Multiplying by 1 adds a restriction?

[tahayassen]

(a-b)=(a-b)*1\\ =(a-b)\frac { a+b }{ a+b } \\ =\frac { { a }^{ 2 }-{ b }^{ 2 } }{ a+b }

But now we have the restriction that a+b≠0?

 

[arildno]

It is the identification of 1=(a+b)/(a+b) that introduces that restriction, not multiplying with 1 as such.

 

[tahayassen]

It is the identification of 1=(a+b)/(a+b) that introduces that restriction, not multiplying with 1 as such.

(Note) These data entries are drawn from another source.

lemma step_function_approx:
  fixes p :: "nat \<Rightarrow> real" and F :: "real \<Rightarrow> real"
  assumes p: "strict_mono p" "p 0 < 0" and T: "T \<le> p K"
    and F_zero: "\<And>s. s \<ge> T \<Longrightarrow> F s = 0" and F_const: "\<And>s. s \<le> 0 \<Longrightarrow> F s = F 0"
    and close: "\<And>j s. j < K \<Longrightarrow> s \<in> {p j<..p (Suc j)} \<Longrightarrow> \<bar>F s - F (p j)\<bar> \<le> \<epsilon>" and "\<epsilon> \<ge> 0"
  shows "\<bar>F s - (\<Sum>j<K. F (p j) * indicator {p j<..p (Suc j)} s)\<bar>
    \<le> \<epsilon> * indicator {..p K} s + \<bar>F 0\<bar> * indicator {..p 0} s"
proof -
  have "p 0 \<le> p K" using p(1) by (simp add: strict_mono_less_eq)
  consider "s \<le> p 0" | "p 0 < s" "s \<le> p K" | "p K < s" by linarith
  then show ?thesis
  proof cases
    case 1
    then show ?thesis
      using step_function_eq_0[OF p(1)] F_const[of s] p(2) \<open>p 0 \<le> p K\<close> \<open>\<epsilon> \<ge> 0\<close> by simp
  next
    case 2
    then obtain j where "j < K" "s \<in> {p j<..p (Suc j)}" using strict_mono_interval_cover[OF p(1)] by blast
    then show ?thesis using 2 close step_function_eq[OF p(1)] by simp
  next
    case 3
    then show ?thesis using step_function_eq_0[OF p(1)] F_zero[of s] T \<open>p 0 \<le> p K\<close> by simp
  qed
qed

locale distribution_function =
  fixes H :: "real \<Rightarrow> real"
  assumes H_mono: "mono H" and H_right_cont: "\<And>a. continuous (at_right a) H"
    and H_neg: "\<And>s. s < 0 \<Longrightarrow> H s = 0"
begin

abbreviation "\<mu> \<equiv> interval_measure H"

lemma H_le: "x \<le> y \<Longrightarrow> H x \<le> H y"
  by (rule monoD[OF H_mono])

lemma H_nonneg: "H s \<ge> 0"
  using H_le[of "min s (-1)" s] H_neg[of "min s (-1)"] by simp

lemma emeasure_mu_atMost: "emeasure \<mu> {..s} = H s"
proof (rule emeasure_interval_measure_Iic)
  show "(H \<longlongrightarrow> 0) at_bot"
    by (rule tendsto_eventually) (use H_neg in \<open>auto simp: eventually_at_bot_dense\<close>)
qed (use H_le H_right_cont in auto)

lemma measure_mu_atMost: "measure \<mu> {..s} = H s"
  by (simp add: measure_def emeasure_mu_atMost H_nonneg)

lemma measure_mu_Ioc: "a \<le> b \<Longrightarrow> measure \<mu> {a<..b} = H b - H a"
  by (rule measure_interval_measure_Ioc) (use H_le H_right_cont in auto)

lemma emeasure_mu_Ioc_finite: "emeasure \<mu> {a<..b} < top"
  by (cases "a \<le> b") (simp_all add: emeasure_interval_measure_Ioc H_le H_right_cont)

lemma emeasure_mu_lessThan_0: "emeasure \<mu> {..<0} = 0"
proof -
  have "{..<(0::real)} = (\<Union>n. {..- 1 / real (Suc n)})"
  proof (intro equalityI subsetI)
    fix s :: real assume "s \<in> {..<0}"
    then obtain n where "1 / real (Suc n) < - s" using nat_approx_posE[of "- s"] by auto
    then have "s \<in> {..- 1 / real (Suc n)}" by simp
    then show "s \<in> (\<Union>n. {..- 1 / real (Suc n)})" by blast
  qed (auto simp: le_less_trans[OF _ neg_less_0_iff_less[THEN iffD2]])
  also have "emeasure \<mu> \<dots> = 0"
    by (rule emeasure_UN_eq_0) (auto simp: emeasure_mu_atMost H_neg)
  finally show ?thesis .
qed

lemma emeasure_mu_Icc_0:
  assumes "s \<ge> 0" shows "emeasure \<mu> {0..s} = H s"
proof -
  have "{..<0} \<union> {0..s} = {..s}" "{..<0} \<inter> {0..s} = {}" using assms by auto
  then show ?thesis
    using plus_emeasure[of "{..<0}" \<mu> "{0..s}"] emeasure_mu_lessThan_0 emeasure_mu_atMost[of s] by auto
qed

lemma measure_mu_Icc_0: "s \<ge> 0 \<Longrightarrow> measure \<mu> {0..s} = H s"
  by (simp add: measure_def emeasure_mu_Icc_0 H_nonneg)

lemma emeasure_mu_Icc_finite: "emeasure \<mu> {0..T} < \<infinity>"
  by (cases "T \<ge> 0") (simp_all add: emeasure_mu_Icc_0)

lemma integral_step_function:
  fixes p c :: "nat \<Rightarrow> real"
  assumes p: "mono p"
  shows "integral\<^sup>L \<mu> (\<lambda>s. \<Sum>j<J. c j * indicator {p j<..p (Suc j)} s) = (\<Sum>j<J. c j * (H (p (Suc j)) - H (p j)))"
proof -
  have int: "integrable \<mu> (\<lambda>s. c j * indicator {p j<..p (Suc j)} s)" for j
    by (intro integrable_mult_right integrable_real_indicator) (auto simp: emeasure_mu_Ioc_finite)
  have "integral\<^sup>L \<mu> (\<lambda>s. \<Sum>j<J. c j * indicator {p j<..p (Suc j)} s)
      = (\<Sum>j<J. integral\<^sup>L \<mu> (\<lambda>s. c j * indicator {p j<..p (Suc j)} s))"
    by (rule Bochner_Integration.integral_sum[OF int])
  also have "\<dots> = (\<Sum>j<J. c j * (H (p (Suc j)) - H (p j)))"
    using p by (simp add: measure_mu_Ioc monoD)
  finally show ?thesis .
qed

lemma exists_isCont_between:
  assumes "a < b" shows "\<exists>c\<in>{a<..<b}. isCont H c"
proof (rule ccontr)
  assume "\<not> ?thesis"
  then have "{a<..<b} \<subseteq> {c. \<not> isCont H c}" by auto
  moreover have "countable {c. \<not> isCont H c}" by (rule mono_ctble_discont[OF H_mono])
  ultimately have "countable {a<..<b}" by (rule countable_subset)
  then show False using assms uncountable_open_interval by blast
qed

lemma continuity_point_partition:
  assumes h: "h > 0" and T: "T \<ge> 0"
  obtains p :: "nat \<Rightarrow> real" and K where "strict_mono p" "- h < p 0" "p 0 < 0"
    "\<And>j. j > 0 \<Longrightarrow> isCont H (p j) \<and> p j > 0" "\<And>j. p (Suc j) - p j < h" "T \<le> p K" "p K \<le> T + h"
proof -
  define g where "g = h / 2"
  have g: "g > 0" using h by (simp add: g_def)
  have "\<exists>c\<in>{(real j + 1/2) * g<..<(real j + 1) * g}. isCont H c" for j
    using g by (intro exists_isCont_between) (simp add: algebra_simps)
  then obtain q where q: "\<And>j. (real j + 1/2) * g < q j \<and> q j < (real j + 1) * g \<and> isCont H (q j)"
    by (metis greaterThanLessThan_iff)
  define p where "p j = (if j = 0 then - g / 2 else q (j - 1))" for j
  have p_Suc: "p (Suc j) = q j" for j by (simp add: p_def)
  have p_bounds: "real j * g - g / 2 \<le> p j \<and> p j \<le> real j * g" for j
  proof (cases j)
    case (Suc i)
    then show ?thesis using q[of i] by (simp add: p_def algebra_simps)
  qed (use g in \<open>simp add: p_def\<close>)
  define K where "K = nat \<lceil>T / g\<rceil> + 1"
  have "T / g \<le> real_of_int \<lceil>T / g\<rceil>" "real_of_int \<lceil>T / g\<rceil> < T / g + 1" "0 \<le> T / g"
    using T g by (linarith, linarith, simp)
  then have K: "T / g + 1 \<le> real K" "real K \<le> T / g + 2" by (simp_all add: K_def)
  show ?thesis
  proof (rule that[of p K])
    show "strict_mono p"
    proof (rule strict_mono_Suc_iff[THEN iffD2], intro allI)
      fix j
      have "p j < (real j + 1/2) * g" using p_bounds[of j] g by (simp add: algebra_simps)
      then show "p j < p (Suc j)" using q[of j] p_Suc[of j] by simp
    qed
    show "- h < p 0" "p 0 < 0" using g by (simp_all add: p_def g_def)
    show "isCont H (p j) \<and> p j > 0" if "j > 0" for j
    proof -
      obtain i where "j = Suc i" using \<open>j > 0\<close> gr0_implies_Suc by blast
      moreover have "0 < (real i + 1/2) * g" using g by simp
      ultimately show ?thesis using q[of i] p_Suc[of i] by simp
    qed
    show "p (Suc j) - p j < h" for j
      using p_bounds[of j] p_bounds[of "Suc j"] g by (simp add: g_def algebra_simps)
    have "(T / g + 1) * g \<le> real K * g" "real K * g \<le> (T / g + 2) * g"
      using K g by (simp_all add: mult_right_mono)
    then show "T \<le> p K" "p K \<le> T + h"
      using p_bounds[of K] g by (simp_all add: g_def algebra_simps)
  qed
qed

lemma tendsto_weighted_sum_step_function:
  fixes a T :: "nat \<Rightarrow> nat \<Rightarrow> real" and K :: "nat \<Rightarrow> nat" and p c :: "nat \<Rightarrow> real"
  assumes T0: "\<And>n i. i < K n \<Longrightarrow> T n i \<ge> 0"
    and conv: "\<And>s. s > 0 \<Longrightarrow> isCont H s \<Longrightarrow> (\<lambda>n. \<Sum>i<K n. a n i * indicator {..s} (T n i)) \<longlonglongrightarrow> H s"
    and p: "mono p" "p 0 < 0" "\<And>j. j > 0 \<Longrightarrow> isCont H (p j) \<and> p j > 0"
  shows "(\<lambda>n. \<Sum>i<K n. a n i * (\<Sum>j<J. c j * indicator {p j<..p (Suc j)} (T n i)))
    \<longlonglongrightarrow> (\<Sum>j<J. c j * (H (p (Suc j)) - H (p j)))"
proof -
  define G where "G n s = (\<Sum>i<K n. a n i * indicator {..s} (T n i))" for n s
  have G_conv: "(\<lambda>n. G n (p j)) \<longlonglongrightarrow> H (p j)" for j
  proof (cases "j = 0")
    case True
    have "indicator {..p 0} (T n i) = (0::real)" if "i < K n" for n i
      using T0[OF that] p(2) by simp
    then have "G n (p j) = 0" for n
      using True by (simp add: G_def)
    then show ?thesis using True H_neg[OF p(2)] by simp
  qed (use p(3) conv in \<open>simp add: G_def\<close>)
  have "(\<Sum>i<K n. a n i * (\<Sum>j<J. c j * indicator {p j<..p (Suc j)} (T n i)))
      = (\<Sum>j<J. c j * (G n (p (Suc j)) - G n (p j)))" for n
  proof -
    have "(\<Sum>i<K n. a n i * (\<Sum>j<J. c j * indicator {p j<..p (Suc j)} (T n i)))
        = (\<Sum>i<K n. \<Sum>j<J. c j * (a n i * indicator {p j<..p (Suc j)} (T n i)))"
      unfolding sum_distrib_left by (simp only: mult.left_commute)
    also have "\<dots> = (\<Sum>j<J. \<Sum>i<K n. c j * (a n i * indicator {p j<..p (Suc j)} (T n i)))"
      by (rule sum.swap)
    also have "\<dots> = (\<Sum>j<J. c j * (\<Sum>i<K n. a n i * indicator {p j<..p (Suc j)} (T n i)))"
      unfolding sum_distrib_left ..
    also have "\<dots> = (\<Sum>j<J. c j * (G n (p (Suc j)) - G n (p j)))"
      using p(1) by (simp add: G_def indicator_Ioc_eq_diff monoD right_diff_distrib sum_subtractf)
    finally show ?thesis .
  qed
  then show ?thesis by (simp only:) (intro tendsto_intros G_conv)
qed

end

lemma abs_weighted_sum_diff_le:
  fixes a T :: "nat \<Rightarrow> real" and F \<phi> :: "real \<Rightarrow> real"
  assumes "\<And>i. a i \<ge> 0" and "\<And>i. i < K \<Longrightarrow> \<bar>F (T i) - \<phi> (T i)\<bar> \<le> \<epsilon> * indicator {..c} (T i)"
  shows "\<bar>(\<Sum>i<K. a i * F (T i)) - (\<Sum>i<K. a i * \<phi> (T i))\<bar> \<le> \<epsilon> * (\<Sum>i<K. a i * indicator {..c} (T i))"
proof -
  have "\<bar>(\<Sum>i<K. a i * F (T i)) - (\<Sum>i<K. a i * \<phi> (T i))\<bar> = \<bar>\<Sum>i<K. a i * (F (T i) - \<phi> (T i))\<bar>"
    by (simp add: sum_subtractf right_diff_distrib)
  also have "\<dots> \<le> (\<Sum>i<K. \<bar>a i * (F (T i) - \<phi> (T i))\<bar>)" by (rule sum_abs)
  also have "\<dots> \<le> (\<Sum>i<K. a i * (\<epsilon> * indicator {..c} (T i)))"
    using assms by (intro sum_mono) (simp add: abs_mult mult_left_mono)
  finally show ?thesis unfolding sum_distrib_left by (simp only: mult.left_commute)
qed

context distribution_function
begin

lemma integrable_eventually_zero:
  fixes F :: "real \<Rightarrow> real"
  assumes F_cont: "continuous_on UNIV F" and T: "T \<ge> 0"
    and F_zero: "\<And>s. s \<ge> T \<Longrightarrow> F s = 0" and F_const: "\<And>s. s \<le> 0 \<Longrightarrow> F s = F 0"
  shows "integrable \<mu> F"
proof -
  have "bounded (F ` {0..T})"
    by (rule compact_imp_bounded[OF compact_continuous_image[OF continuous_on_subset[OF F_cont]]]) auto
  then obtain B where "\<And>y. y \<in> F ` {0..T} \<Longrightarrow> norm y \<le> B"
    by (auto simp: bounded_iff)
  then have B: "\<bar>F s\<bar> \<le> B * indicator {..T} s" for s
    using F_zero F_const[of s] T by (cases "s < 0"; cases "s \<le> T") auto
  show ?thesis
  proof (rule Bochner_Integration.integrable_bound)
    show "integrable \<mu> (\<lambda>s. B * indicator {..T} s :: real)"
      by (intro integrable_mult_right integrable_real_indicator) (auto simp: emeasure_mu_atMost)
    show "AE s in \<mu>. norm (F s) \<le> norm (B * indicator {..T} s :: real)"
      using B by (intro AE_I2) (auto intro: order_trans[OF _ abs_ge_self])
    show "F \<in> borel_measurable \<mu>"
      by (subst measurable_cong_sets[OF sets_interval_measure refl]) (rule borel_measurable_continuous_onI[OF F_cont])
  qed
qed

So how come we do that all the time in algebra (multiplying by the conjugate) to get rid of annoying radicals? Doesn't that make it not equal to the previous line?

 

[arildno]

So how come we do that all the time with binomial conjugates? Doesn't that make it not equal to the previous line?

Basically because the case a+b=0 can usually be treated as an uninteresting special case.

 

[tahayassen]

Basically because the case a+b=0 can usually be treated as an uninteresting special case.

Ah.

Just FYI, I have an unanswered thread over here: https://www.physicsforums.com/showthread.php?t=648782

 

[Mark44]

You can always multiply by 1 to get a new expression with the same value. The problem here is that what you multiplied by [ (a + b)/(a + b) ] isn't identically 1, and it is those values of a and b that cause a problem.